Gingerly, he stroked the red marks on his neck. “Honestly, Holly. In front of the boys.”
She chewed another bite. “You boys can take it, can’t you? It’s not as if it happened just yesterday. Bodies disappear quickly, but in the right conditions, the bones can last for years, for centuries. The bone, Tim, the arm bone.”
In the next chair, Nick shoved a spoonful of cornflakes into his mouth and crunched.
“I’ll bet you anything,” she said, “when the tests come back, they’ll say just how old it is, just how long it has been in the water: 1849.”
His father pulled out the sports page from the newspaper. “And the dog just found it on the beach?”
“Don’t yo
u get it? The bone, the shipwreck, the weird voices in the night. Miss Tiramaku says there might be ghosts. Funa-yurei, she says.”

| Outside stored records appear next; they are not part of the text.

(* Let $\mathrm b$ be a profile, $C\ge 0$, $r>0$, and $n$ large enough that $\rho_n^\pm:=\tfrac12\pm\tfrac{r}{n^{1/3}}\in[1/4,3/4]$. With $$\Delta_n^{\mathrm b}(u):=\frac{L^{\mathrm b}[un^{2/3}]_n-L^{\mathrm b}[0]_n}{2^{3/2}n^{1/3}},\qquad B^{\pm}_n(u):=\frac{L^{\rho_n^\pm}[un^{2/3}]_n-L^{\rho_n^\pm}[0]_n-\mu_{\rho_n^\pm}un^{2/3}}{2^{3/2}n^{1/3}},\quad \mu_\rho=\frac{2\rho-1}{\rho(1-\rho)},$$ and $$E_n(r):=\left\{Z^{\rho_n^-}[Cn^{2/3}]_n\le Z^{\mathrm b}[0]_n\ \text{ and }\ Z^{\mathrm b}[Cn^{2/3}]_n\le Z^{\rho_n^+}[0]_n\right\},$$ on the event $E_n(r)$ one has, for every $\delta\in[0,C]$, $$W_{\Delta^{\mathrm b}_n}(\delta)\le\max\left\{W_{B^-_n}(\delta),W_{B^+_n}(\delta)\right\}+3\sqrt2\,\delta r,$$ where for a process $X$ on $[0,C]$, $W_X(\delta):=\sup\{|X(u)-X(v)|:u,v\in[0,C],\ |u-v|\le\delta\}$.
   Context: Let $\omega=\{\omega_{i,j}:(i,j)\in\mathbb Z^2,\ i+j>0\}$ be i.i.d. exponential random variables with parameter $1$. Write $(i,j)\le(k,l)$ if $i\le k$ and $j\le l$. An up-right path from $\mathbf x$ to $\mathbf y$ is a sequence $\mathbf x=\mathbf x_0,\dots,\mathbf x_m=\mathbf y$ with increments in $\{(1,0),(0,1)\}$; its passage time is $\sum_{i=1}^m\omega_{\mathbf x_i}$ (starting point excluded). For $\mathbf x=(i,j)\le\mathbf y$ with $i+j\ge0$, $L(\mathbf x,\mathbf y)$ is the maximal passage time over up-right paths. Set $L_k(\mathbf x)=L((k,-k),\mathbf x)$, $C^{\mathbf x}=\{k\in\mathbb Z:(k,-k)\le\mathbf x\}$; for integer $k$, $[k]_n:=(n+k,n-k)$, for real $x$, $[x]_n:=[\lfloor x\rfloor]_n$. A profile is $\mathrm b:\mathbb Z\to\mathbb R\cup\{-\infty\}$ with $\mathrm b(0)=0$ (possibly random, independent of $\omega$); $L^{\mathrm b}(\mathbf x):=\max_{k\in C^{\mathbf x}}\{\mathrm b(k)+L_k(\mathbf x)\}$ and $Z^{\mathrm b}(\mathbf x)$ is the largest maximizing $k$. For $\rho\in(0,1)$ the stationary profile $\mathrm s_\rho$ is $\mathrm s_\rho(0)=0$, $\mathrm s_\rho(k)=\sum_{i=1}^k\zeta_i$ ($k>0$), $\mathrm s_\rho(k)=-\sum_{i=k+1}^0\zeta_i$ ($k<0$), with $\zeta_i$ i.i.d. copies of $E_1-E_2$, $E_1,E_2$ independent exponentials of rates $1-\rho$ and $\rho$, independent of $\omega$; $L^\rho:=L^{\mathrm s_\rho}$, $Z^\rho:=Z^{\mathrm s_\rho}$. All processes use the same $\omega$. *)

theory Defs
  imports "HOL-Analysis.Analysis"
begin

type_synonym pt = "int \<times> int"

definition ple :: "pt \<Rightarrow> pt \<Rightarrow> bool" where
  "ple x y \<longleftrightarrow> fst x \<le> fst y \<and> snd x \<le> snd y"

definition up_right_path :: "pt \<Rightarrow> pt \<Rightarrow> pt list \<Rightarrow> bool" where
  "up_right_path x y p \<longleftrightarrow> p \<noteq> [] \<and> hd p = x \<and> last p = y \<and>
     (\<forall>i. Suc i < length p \<longrightarrow>
        p ! Suc i = (fst (p ! i) + 1, snd (p ! i)) \<or> p ! Suc i = (fst (p ! i), snd (p ! i) + 1))"

definition passage :: "(pt \<Rightarrow> real) \<Rightarrow> pt list \<Rightarrow> real" where
  "passage \<omega> p = sum_list (map \<omega> (tl p))"

definition LPP :: "(pt \<Rightarrow> real) \<Rightarrow> pt \<Rightarrow> pt \<Rightarrow> real" where
  "LPP \<omega> x y = Max {passage \<omega> p | p. up_right_path x y p}"

definition Lk :: "(pt \<Rightarrow> real) \<Rightarrow> int \<Rightarrow> pt \<Rightarrow> real" where
  "Lk \<omega> k x = LPP \<omega> (k, -k) x"

definition Cset :: "pt \<Rightarrow> int set" where
  "Cset x = {k. ple (k, -k) x}"

definition brk :: "int \<Rightarrow> nat \<Rightarrow> pt" where
  "brk k n = (int n + k, int n - k)"

definition brkr :: "real \<Rightarrow> nat \<Rightarrow> pt" where
  "brkr x n = brk \<lfloor>x\<rfloor> n"

definition is_profile :: "(int \<Rightarrow> ereal) \<Rightarrow> bool" where
  "is_profile b \<longleftrightarrow> b 0 = 0 \<and> (\<forall>k. b k \<noteq> \<infinity>)"

definition Lb :: "(pt \<Rightarrow> real) \<Rightarrow> (int \<Rightarrow> ereal) \<Rightarrow> pt \<Rightarrow> ereal" where
  "Lb \<omega> b x = Max {b k + ereal (Lk \<omega> k x) | k. k \<in> Cset x}"

definition Zb :: "(pt \<Rightarrow> real) \<Rightarrow> (int \<Rightarrow> ereal) \<Rightarrow> pt \<Rightarrow> int" where
  "Zb \<omega> b x = Max {k \<in> Cset x. b k + ereal (Lk \<omega> k x) = Lb \<omega> b x}"

definition mu :: "real \<Rightarrow> real" where
  "mu \<rho> = (2 * \<rho> - 1) / (\<rho> * (1 - \<rho>))"

definition modcont :: "real \<Rightarrow> (real \<Rightarrow> real) \<Rightarrow> real \<Rightarrow> real" where
  "modcont C X \<delta> = Sup {\<bar>X u - X v\<bar> | u v. u \<in> {0..C} \<and> v \<in> {0..C} \<and> \<bar>u - v\<bar> \<le> \<delta>}"

definition Delta_n :: "(pt \<Rightarrow> real) \<Rightarrow> (int \<Rightarrow> ereal) \<Rightarrow> nat \<Rightarrow> real \<Rightarrow> real" where
  "Delta_n \<omega> b n u =
     (real_of_ereal (Lb \<omega> b (brkr (u * real n powr (2/3)) n)) - real_of_ereal (Lb \<omega> b (brk 0 n)))
     / (2 powr (3/2) * real n powr (1/3))"

text \<open>B_n for a (realization of a) stationary profile s of parameter \<rho>.\<close>
definition B_n :: "(pt \<Rightarrow> real) \<Rightarrow> (int \<Rightarrow> real) \<Rightarrow> real \<Rightarrow> nat \<Rightarrow> real \<Rightarrow> real" where
  "B_n \<omega> s \<rho> n u =
     (real_of_ereal (Lb \<omega> (\<lambda>k. ereal (s k)) (brkr (u * real n powr (2/3)) n))
      - real_of_ereal (Lb \<omega> (\<lambda>k. ereal (s k)) (brk 0 n))
      - mu \<rho> * u * real n powr (2/3))
     / (2 powr (3/2) * real n powr (1/3))"

end

theory Submission
  imports Defs
begin

text \<open>Geodesics started from the initial antidiagonal cannot cross without meeting, so exchanging
  their tails yields a crossing (quadrangle) inequality for last-passage times. Consequently, if
  the exit point of a profile \<open>g\<close> at \<open>[l]_n\<close> lies weakly left of the exit point of a profile
  \<open>f\<close> at \<open>[k]_n\<close>, \<open>k \<le> l\<close>, then the increment of \<open>L\<^sup>g\<close> over \<open>[k, l]\<close> is at most that of \<open>L\<^sup>f\<close>;
  moreover exit points are monotone in the endpoint. On \<open>E_n(r)\<close> these two facts sandwich every
  increment of \<open>L\<^sup>b\<close> between the increments of the stationary processes of densities \<open>\<rho>_n\<^sup>-\<close>
  and \<open>\<rho>_n\<^sup>+\<close>. After rescaling, their drifts \<open>\<mu>\<^sub>\<rho> u n\<^sup>2\<^sup>/\<^sup>3\<close> have slope at most \<open>3\<surd>2 r\<close>,
  because \<open>|\<mu>\<^sub>\<rho>| \<le> 32/3 |\<rho> - 1/2|\<close> on \<open>[1/4, 3/4]\<close>.\<close>

section \<open>Up-right paths and the crossing inequality\<close>

lemma up_right_path_step:
  assumes "up_right_path a b p" "Suc i < length p"
  shows "p ! Suc i = (fst (p ! i) + 1, snd (p ! i)) \<or> p ! Suc i = (fst (p ! i), snd (p ! i) + 1)"
  using assms unfolding up_right_path_def by blast

lemma up_right_path_ends:
  assumes "up_right_path a b p"
  shows "p \<noteq> []" "p ! 0 = a" "p ! (length p - 1) = b"
  using assms by (auto simp: up_right_path_def hd_conv_nth last_conv_nth)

Clearing his throat, Tim leaned back against the counter, regarding her with wonder. “Tiramaku,” he said at last, making the name sound like an insult.
His parents stared at each other from their respective corners, a truce passing between them before any shots could be fired. His mother was the first to break, glancing at her watch. “I’m late. You boys be good.”
They mumbled their promises through their cornflakes.
* * *
The boys vanished after breakfast, off to their secret games. Tim let them go with a smile. They were close as brothers sometimes. On the counter lay the jumble of Holly’s papers, and he stacked them neatly in their folder, sighing at his wife’s latest obsession. Old bones, ghost ships. That ridiculous Japanese woman with her crazy ideas. He washed the dishes and gathered the plastic garbage bag to take outside to the trash cans. He shivered as he looked out to the snow clouds collecting off to the west. He had just lifted the lid from the metal can when a blur of white in the yard frightened him.
Flushed from his hiding place, the white man bristled alert and then darted between the fir trees and crossed the road. All angled arms and legs, he galloped along the edge of the Quigleys’ house and disappeared from view. It all happened so quickly that Tim could not believe what he was seeing. He shoved the trash bag into the can and considered following, but knew from hard experience that it would be as futile as chasing a rabbit. The cold handle cut into his palm, so he screwed the lid back in place.
White as a ghost, white as paper. Tim had thought it was dead, if such a thing could ever be called alive. Or shown to be a great white dog. Or a figment of his mind, but there was the white man again, running not twenty feet from the house. Where the man had brushed against the evergreen branches, needles still swept the air. For the longest time, Tim stared at the path the thing had taken like a deer caught in the open and gone to cover. He thought if he waited long enough he might make him reappear.